The U.S. Senate budget committee just released report entitled Next to Fall: The Climate Driven Insurance Crisis is here – and Getting Worse. Included is a map of non-renewals for 2023, showing that the crisis in the American home insurance market has spread beyond well-known problems in Florida and California. The jump in non-renewals now extends along the Gulf Coast, through Alabama and Mississippi; up the Atlantic seaboard, through the Carolinas, Virginia and into southern New England; inland, to parts of the plains and Intermountain West; and even as far as Hawaii.
Homeowners insurance is now a leading indicator of how climate reality will disrupt every aspect of our lives. And the impact will be enormous. Without homeowner’s insurance, you can’t get (or keep) a mortgage. An ever increasing number of communities will be too dangerous to insure and face falling property values, less tax revenue for basic services and limited ability to respond to disasters.

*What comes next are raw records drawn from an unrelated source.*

section \<open>Primitive elements\<close>

definition primitive_free_group2 :: "letter2 list \<Rightarrow> bool" where
  "primitive_free_group2 w \<longleftrightarrow> (\<exists>h \<in> iso F2 F2. h gen_a = w)"

lemma aut_free_group2_eval_surj:
  assumes h: "h \<in> iso F2 F2" and H: "group H"
    and s: "s \<in> carrier H" and t: "t \<in> carrier H"
  shows "\<exists>p \<in> carrier H. \<exists>q \<in> carrier H.
    eval_word H p q (h gen_a) = s \<and> eval_word H p q (h gen_b) = t"
proof -
  let ?h' = "inv_into (carrier F2) h"
  let ?\<phi> = "eval_word H s t \<circ> ?h'"
  have "?h' \<in> hom F2 F2"
    using group.iso_set_sym[OF group_free_group2 h] by (rule iso_imp_homomorphism)
  then have \<phi>: "?\<phi> \<in> hom F2 H"
    using group.eval_word_hom[OF H s t] by (rule hom_compose)
  have inv_h: "?h' (h w) = w" if "reduced w" for w
    using h that by (auto simp: iso_def bij_betw_def)
  have h_carrier: "h w \<in> carrier F2" if "reduced w" for w
    using h that by (auto simp: iso_def hom_def)
  have eval_h: "eval_word H (?\<phi> gen_a) (?\<phi> gen_b) (h w) = eval_word H s t w" if "reduced w" for w
    using hom_free_group2_eq_eval_word[OF H \<phi>, of "h w"] h_carrier[OF that] inv_h[OF that] by simp
  show ?thesis
  proof (intro bexI conjI)
    show "eval_word H (?\<phi> gen_a) (?\<phi> gen_b) (h gen_a) = s"
      using eval_h[of gen_a] group.eval_word_gen_a[OF H s] by (simp del: eval_word_Cons)
    show "eval_word H (?\<phi> gen_a) (?\<phi> gen_b) (h gen_b) = t"
      using eval_h[of gen_b] group.eval_word_gen_b[OF H t] by (simp del: eval_word_Cons)
  qed (rule hom_in_carrier[OF \<phi>], simp)+
qed

lemma primitive_free_group2_fibre_card:
  assumes "primitive_free_group2 w" "group H" "finite (carrier H)" "s \<in> carrier H"
  shows "card (carrier H) \<le> card {(p, q) \<in> carrier H \<times> carrier H. eval_word H p q w = s}"
    (is "_ \<le> card ?fibre")
proof -
  obtain h where h: "h \<in> iso F2 F2" and w: "h gen_a = w"
    using assms(1) by (auto simp: primitive_free_group2_def)
  let ?z = "\<lambda>(p, q). eval_word H p q (h gen_b)"
  have "?fibre \<subseteq> carrier H \<times> carrier H" by auto
  then have fin: "finite ?fibre"
    using finite_subset finite_cartesian_product assms(3) by blast
  have "t \<in> ?z ` ?fibre" if t: "t \<in> carrier H" for t
  proof -
    obtain p q where "p \<in> carrier H" "q \<in> carrier H"
        "eval_word H p q w = s" "eval_word H p q (h gen_b) = t"
      using aut_free_group2_eval_surj[OF h assms(2,4) t] w by blast
    then show ?thesis by (intro rev_image_eqI[of "(p, q)"]) auto
  qed
  then have "carrier H \<subseteq> ?z ` ?fibre" ..
  then have "card (carrier H) \<le> card (?z ` ?fibre)"
    using fin by (intro card_mono) auto
  also have "\<dots> \<le> card ?fibre"
    using fin by (rule card_image_le)
  finally show ?thesis .
qed

section \<open>Weak homogeneity and retractions\<close>

lemma retraction_on_generate:
  assumes G: "group G" and H: "group H" and f: "f \<in> hom G H" and g: "g \<in> hom H G"
    and S: "S \<subseteq> carrier G" and gf: "\<forall>s\<in>S. g (f s) = s" and x: "x \<in> generate G S"
  shows "g (f x) = x"
proof -
  interpret gf: group_hom G G "g \<circ> f"
    using G hom_compose[OF f g] by (simp add: group_hom_def group_hom_axioms_def)
  from x show ?thesis
  proof (induction x rule: generate.induct)
    case (inv s)
    then have "(g \<circ> f) (inv\<^bsub>G\<^esub> s) = inv\<^bsub>G\<^esub> ((g \<circ> f) s)"
      using S by (intro gf.hom_inv) auto
    then show ?case using inv gf by simp
  next
    case (eng x y)
    then have "(g \<circ> f) (x \<otimes>\<^bsub>G\<^esub> y) = (g \<circ> f) x \<otimes>\<^bsub>G\<^esub> (g \<circ> f) y"
      using group.generate_in_carrier[OF G S] by (intro gf.hom_mult) auto
    then show ?case using eng.IH by simp
  qed (use gf gf.hom_one in auto)
qed

lemma weakly_homogeneous_extends_retraction:
  assumes wh: "weakly_homogeneous G" and G: "group G"
    and S: "finite S" "S \<subseteq> carrier G"
    and f: "f \<in> hom G G" and g: "g \<in> hom G G" and gf: "\<forall>s\<in>S. g (f s) = s"
  shows "\<exists>h \<in> iso G G. \<forall>a \<in> generate G S. h a = f a"
proof -
  interpret group_hom G G f
    using G f by (simp add: group_hom_def group_hom_axioms_def)
  let ?A = "generate G S" and ?B = "generate G (f ` S)"
  have A: "?A \<subseteq> carrier G"
    using G.generate_in_carrier[OF S(2)] by blast
  have image: "f ` ?A = ?B"
    using S(2) by (simp add: generate_img)
  have gfA: "g (f x) = x" if "x \<in> ?A" for x
    using retraction_on_generate[OF G G f g S(2) gf that] .
  then have inj: "inj_on f ?A"
    by (rule inj_on_inverseI)
  have "f \<in> iso (G\<lparr>carrier := ?A\<rparr>) (G\<lparr>carrier := ?B\<rparr>)"
  proof (rule isoI)
    show "f \<in> hom (G\<lparr>carrier := ?A\<rparr>) (G\<lparr>carrier := ?B\<rparr>)"
      using image A by (intro homI) (auto simp: subset_iff)
    show "bij_betw f (carrier (G\<lparr>carrier := ?A\<rparr>)) (carrier (G\<lparr>carrier := ?B\<rparr>))"
      using inj image by (simp add: bij_betw_def)
  qed
  moreover have "\<forall>b \<in> ?B. g b = inv_into ?A f b"
    using image gfA inj by (auto simp flip: image)
  moreover have "fg_subgroup G ?A" "fg_subgroup G ?B"
    unfolding fg_subgroup_def using S hom_carrier[OF f] by blast+
  ultimately show ?thesis
    using wh f g unfolding weakly_homogeneous_def by blast
qed

section \<open>A non-primitive element\<close>

datatype sym3 = Id3 | T12 | T13 | T23 | C123 | C132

Committee chair Sheldon Whitehouse identified non-renewal data a key indicator “for predicting the likelihood and timing of a significant, systemic economic crash,” as disruption in the insurance market spreads to property values.
“The climate crisis that is coming our way is not just about polar bears, and it’s not just about green jobs,” Mr. Whitehouse said Wednesday during a hearing on the investigation’s findings. “It actually is coming through your mail slot, in the form of insurance cancellations, insurance non-renewals and dramatic increases in insurance costs.”
The New York Times created a helpful visualization of non-renewals by state along with the map shown above. The bottom line, the climate crisis is coming for America and it is not going to stop with “Coastal Elites”.